Bepaalde risicofactoren die verband houden met je levensstijl, zoals roken en overwicht, verhogen de kans op kanker. De negatieve invloed van die factoren blijft vaak niet beperkt tot één specifiek orgaan, maar kan zich laten gelden in meerdere organen. Zo kan een longkanker de voorbode zijn van mondkanker, omdat tabak niet alleen schadelijk is voor de longen, maar ook voor de mond.

Waarom keert dezelfde kanker soms terug?

Een oorspronkelijke kanker (ook wel primaire of eerste kanker genoemd) kan opnieuw opduiken na een periode van volledige remissie – waarin de kankersporen langere tijd verdwenen leken dus. Dat komt omdat niet alle kankercellen volledig vernietigd zijn. We spreken dan van een herval.

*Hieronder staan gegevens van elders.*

(* Let $k\ge 1$, $0\le r<k$ and $n\ge 1$ be integers, and let $$A_n(k,r,x)=\left(\binom{i-k+1+r}{j}x^k+\binom{i+1+r}{j+1}\right)_{i,j=0}^{n-1}.$$ Then $x^r\det A_n(k,r,x)=F^{(k)}_{kn+r}(x)$.
   Context: Binomial coefficients are the generalized ones: for an integer $m$ (possibly negative) and an integer $j$, $\binom{m}{j}=\frac{m(m-1)\cdots(m-j+1)}{j!}$ if $j\ge 0$ and $\binom{m}{j}=0$ if $j<0$. For an integer $k\ge1$, the generalized Fibonacci polynomials $F^{(k)}_n(x)\in\mathbb{Z}[x]$ ($n\ge0$) are defined by $F^{(k)}_n(x)=x^n$ for $0\le n<k$ and $F^{(k)}_n(x)=xF^{(k)}_{n-1}(x)+F^{(k)}_{n-k}(x)$ for $n\ge k$; equivalently $F^{(k)}_n(x)=\sum_{j=0}^{\lfloor n/k\rfloor}\binom{n-(k-1)j}{j}x^{n-kj}$. *)

theory Defs
  imports "HOL-Computational_Algebra.Polynomial" "Jordan_Normal_Form.Determinant"
begin

text \<open>Generalized binomial coefficient binom(m,j) for an integer m and a natural j
  (j >= 0): m(m-1)...(m-j+1)/j!.  (The case j < 0 never arises in the statement,
  since all lower indices are j or j+1 with j a natural number.)\<close>
definition ibinom :: "int \<Rightarrow> nat \<Rightarrow> int" where
  "ibinom m j = (\<Prod>i<j. m - int i) div int (fact j)"

fun genfib :: "nat \<Rightarrow> nat \<Rightarrow> int poly" where
  "genfib k n = (if k = 0 then 0 else if n < k then monom 1 n
                 else [:0, 1:] * genfib k (n - 1) + genfib k (n - k))"

definition Amat :: "nat \<Rightarrow> nat \<Rightarrow> nat \<Rightarrow> int poly mat" where
  "Amat k r n = mat n n (\<lambda>(i, j).
      [:ibinom (int i - int k + 1 + int r) j:] * monom 1 k
      + [:ibinom (int i + 1 + int r) (j + 1):])"

end

theory Submission
  imports Defs "HOL-Computational_Algebra.Formal_Power_Series"
begin

(*
  Multiplying A_n on the right by the unitriangular Toeplitz matrix T = (binom(k-r-1, j-l)) and
  using Vandermonde's convolution gives A_n T = P H, with P = (binom(i, l)) the Pascal matrix and H
  a Hessenberg matrix whose rows below the first are shifts of a_d = binom(k, d) + [d = 1] x^k;
  hence det A_n = det H.  Expanding det H along its first column expresses it as an alternating
  convolution of its first row with the Toeplitz-Hessenberg minors D_p, which satisfy
  D_(p+1) = sum_m (-1)^m a_(m+1) D_(p-m).

  On the Fibonacci side, applying the difference operator f(m) - f(m - k) s times to the
  recurrence F_m = x F_(m-1) + F_(m-k) gives sum_i (-1)^i binom(s, i) F_(m-ki) = x^s F_(m-s), as
  long as the index 0 where the recurrence fails is avoided.  With s = k this shows that
  x^(k-1) D_p and F_(kp+k-1) satisfy the same recurrence, so they agree; with s = k - r - 1 it then
  turns x^(k-1) det H into x^(k-r-1) F_(kn+r).
*)

section \<open>Generalized binomial coefficients\<close>

lemma of_int_ibinom: "of_int (ibinom m j) = (of_int m :: 'a::field_char_0) gchoose j"
  unfolding ibinom_def lessThan_atLeast0 gbinomial_int_mult_fact[symmetric]
  by (simp add: of_int_gbinomial)

lemma ibinom_of_nat: "ibinom (int p) j = int (p choose j)"
  using of_int_ibinom[of "int p" j, where 'a = real] by (simp add: binomial_gbinomial[symmetric])

lemma ibinom_0 [simp]: "ibinom m 0 = 1"
  by (simp add: ibinom_def)

lemma ibinom_Vandermonde:
  "(\<Sum>l = 0..j. ibinom a l * ibinom b (j - l)) = ibinom (a + b) j"
proof -
  have "real_of_int (\<Sum>l = 0..j. ibinom a l * ibinom b (j - l)) = real_of_int (ibinom (a + b) j)"
    by (simp add: of_int_ibinom gbinomial_Vandermonde)
  then show ?thesis by (simp only: of_int_eq_iff)
qed

section \<open>Hessenberg determinants\<close>

definition hessenberg_mat :: "(nat \<Rightarrow> 'a::comm_ring_1) \<Rightarrow> (nat \<Rightarrow> 'a) \<Rightarrow> nat \<Rightarrow> 'a mat" where
  "hessenberg_mat v a n = mat n n (\<lambda>(l, j).
     if l = 0 then v j else if l \<le> j + 1 then a (j + 1 - l) else 0)"

definition toeplitz_hessenberg_det :: "(nat \<Rightarrow> 'a::comm_ring_1) \<Rightarrow> nat \<Rightarrow> 'a" where
  "toeplitz_hessenberg_det a p = det (hessenberg_mat (\<lambda>j. a (Suc j)) a p)"

lemma dim_hessenberg_mat [simp]:
  "dim_row (hessenberg_mat v a n) = n" "dim_col (hessenberg_mat v a n) = n"
  unfolding hessenberg_mat_def by simp_all

lemma toeplitz_hessenberg_det_0 [simp]: "toeplitz_hessenberg_det a 0 = 1"
  by (simp add: toeplitz_hessenberg_det_def hessenberg_mat_def)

De diagnose ‘vroeg herval’ wordt meestal al binnen enkele maanden of minder dan 5 jaar na de behandeling gesteld. De kankercellen hebben zich dan ongecontroleerd vermenigvuldigd. Soms volgt de diagnose van herval echter laattijdig, tot wel 20 jaar na de eerste diagnose. Zo’n ‘laat herval’ komt omdat enkele kankercellen latent (sluimerend) aanwezig bleven, maar te klein waren om te worden opgespoord.

Kunnen alle kankercellen uitzaaiingen veroorzaken?

Neen, zeker niet. Hoewel veel kankercellen de oorspronkelijke tumor verlaten, slagen ze er slechts uitzonderlijk in om ‘wortel te schieten’. Dat kan gebeuren in de lymfeklieren die het oorspronkelijk aangetaste orgaan draineren (= regionaal herval) of in een ander orgaan (= herval op afstand). De wetenschap vermoedt dat het gastweefsel van invloed is op de plaats en de snelheid van de uitzaaiingen. Er wordt nu onderzocht hoe potentieel gastweefsel en ‘rondtrekkende’ kankercellen met elkaar in interactie gaan. Op basis van die bevindingen zouden nieuwe behandelingen kunnen worden ontwikkeld die ervoor zorgen dat de uitzaaiingen niet kunnen ontstaan in de eerste plaats, of zich niet kunnen ‘nestelen’ in de tweede plaats.

Kunnen uitzaaiingen in alle organen ontstaan?

Neen. De ernst van de uitzaaiingen hangt af van het type kanker, waar ze zich bevinden en in welke mate ze gevoelig zijn tegenover de mogelijke behandelingen.

Kan je de kans dat kanker terugkeert beperken?

Met chemotherapie, radiotherapie, hormoontherapie of doelgerichte therapie wordt geprobeerd het risico te verminderen dat de ziekte weer terugkeert. Ook een gezonde levensstijl – met evenwichtige voeding, weinig alcohol, veel beweging – draagt er tot op zekere hoogte aan bij dat de ziekte niet terugkeert.

Wat als je geen kans op definitieve genezing maakt?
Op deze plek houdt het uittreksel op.